After his ordination in 2000, Fr. Ngo was missioned to the Loyola Institute of Spirituality in Orange, Calif., for six years where he engaged in spiritual ministries and founded the Ignatian Spiritual Formation Program, training others in the Spiritual Exercises.

“We were mobile so we could go anywhere that was needed,” Fr. Ngo says of the Institute. “We served the local church and diocese, giving parish missions and retreats and teaching classes in Ignatian spirituality and the Spiritual Exercises.”

He next served as the Formation Director for the California Province for six years before coming to the Jesuit Retreat Center of Los Altos - El Retiro San Iñigo in California last fall. “I liken it to being in the vineyard,”says Fr. Ngo of his work at the retreat center. “I’m discovering something new every day in the vineyard. I didn’t realize how busy it can be at a retreat center, partly because we’re short on pastoral staff. We need Jesuits to go into this ministry because this is so at the heart of Ignatian spirituality.”

The Jesuit Retreat Center, founded in 1925, offers a variety of retreat programs, including weekend retreats, privately directed retreats and spiritual direction. In the summer, the 30-Day Spiritual Exercises are offered, as well as three eight-day retreats. The center also offers a three-year formation program in Ignatian spirituality for lay people and a retreat internship program for Jesuit scholastics to train them in giving retreats.
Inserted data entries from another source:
theorem mainTheorem9:
  fixes U :: "'u set" and Y :: "'u set set" and n :: nat
    and X :: "nat \<Rightarrow> 'a set" and zero one :: "nat \<Rightarrow> 'a"
    and f :: "(nat \<Rightarrow> 'a) \<Rightarrow> 'u set"
    and \<phi> :: "nat \<Rightarrow> 'a \<Rightarrow> 'u set"
    and p :: "(nat \<Rightarrow> 'u set) \<Rightarrow> 'u set"
  assumes Y: "set_lattice U Y"
    and X: "\<And>k. k \<in> {1..n} \<Longrightarrow> zero k \<in> X k \<and> one k \<in> X k \<and> zero k \<noteq> one k"
    and f_range: "\<And>x. x \<in> PiE {1..n} X \<Longrightarrow> f x \<in> Y"
    and BC: "\<And>k x. k \<in> {1..n} \<Longrightarrow> x \<in> PiE {1..n} X \<Longrightarrow>
               f (x(k := zero k)) \<subseteq> f x \<and> f x \<subseteq> f (x(k := one k))"
    and phi_range: "\<And>k t. k \<in> {1..n} \<Longrightarrow> t \<in> X k \<Longrightarrow> \<phi> k t \<in> Y"
    and phi_bound: "\<And>k t. k \<in> {1..n} \<Longrightarrow> t \<in> X k \<Longrightarrow>
               \<phi> k (zero k) \<subseteq> \<phi> k t \<and> \<phi> k t \<subseteq> \<phi> k (one k)"
    and p_poly: "is_polynomial Y n p"
  shows "(\<forall>x\<in>PiE {1..n} X. f x = p (restrict (\<lambda>i. \<phi> i (x i)) {1..n}))
     \<longleftrightarrow>
     ((\<forall>k\<in>{1..n}. \<forall>t\<in>X k.
         Phi_minus U Y n X zero f k t \<subseteq> \<phi> k t \<and> \<phi> k t \<subseteq> Phi_plus U Y n X one f k t)
      \<and> (\<forall>y\<in>PiE {1..n} (\<lambda>_. Y).
         p_minus U Y n zero one f (\<lambda>i. \<phi> i (zero i)) y \<subseteq> p y
         \<and> p y \<subseteq> p_plus U Y n zero one f (\<lambda>i. \<phi> i (one i)) y))"
proof -
  interpret representation_setting U Y n X zero one f \<phi> p
    by (rule representation_setting.intro) (use Y X f_range phi_range p_poly in auto)
  show ?thesis (is "?rep \<longleftrightarrow> ?Phi_bounds \<and> ?p_bounds")
  proof
    assume rep: ?rep
    show "?Phi_bounds \<and> ?p_bounds"
      using Phi_bounds_of_represents[OF rep] p_bounds_of_represents[OF rep] by blast
  next
    assume "?Phi_bounds \<and> ?p_bounds"
    then show ?rep
      by (intro represents_of_bounds[OF BC phi_bound]) blast+
  qed
qed

end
“It’s a sacred ministry and place for so many people,” says Fr. Ngo. “We have some retreatants in their late 80s who’ve been coming for 50 or 60 years.”

Fr. Ngo says one thing they are working on is cultivating the next generations of retreatants. “We’re dealing with the younger generation who are caught up in modern technology and media — the instant generation— and so we’re figuring out how to reach out to them. They’re hungry, but yet at the same time they don’t know how to access this deeper sense of faith and God. We have our work cut out,” he says.

It’s not that the universal spiritual themes are changing, according to Fr. Ngo, but that they must be explained to younger people in a language that they can listen to. One universal truth, for Fr. Ngo, is reminding people over and over again how much they are loved. “People come with so much baggage and part of the spiritual growth and insight is to leave our baggage behind,” he says. “Surrender and let go of our agenda and let God lead us.”

Fr. Ngo at the retreat centerSo how does he help people do that? Humbly. “We don’t pretend to do much on a weekend retreat or one session,” Fr. Ngo says. “But we trust that people are genuine and they’re searching, so we point them in the right direction, and it’s in their relationship and encounter with the Lord that something breaks open.”

As a retreat director, Fr. Ngo also considers how to help people stay focused on their prayer life once they leave the center. He offers suggestions, including focusing on the positive; trying to live more grounded, day-by-day; and practicing the Examen if they can.

“When people discover a newfound relationship and appreciation of this very personal God, they begin to trust that relationship, and things in their life change,” he says.

For Fr. Ngo, his journey is a mystery. “The more I walk with the Lord, the more I realize I don’t know where I’m going. I often call it an adventure in grace. Grace keeps pouring grace upon grace.”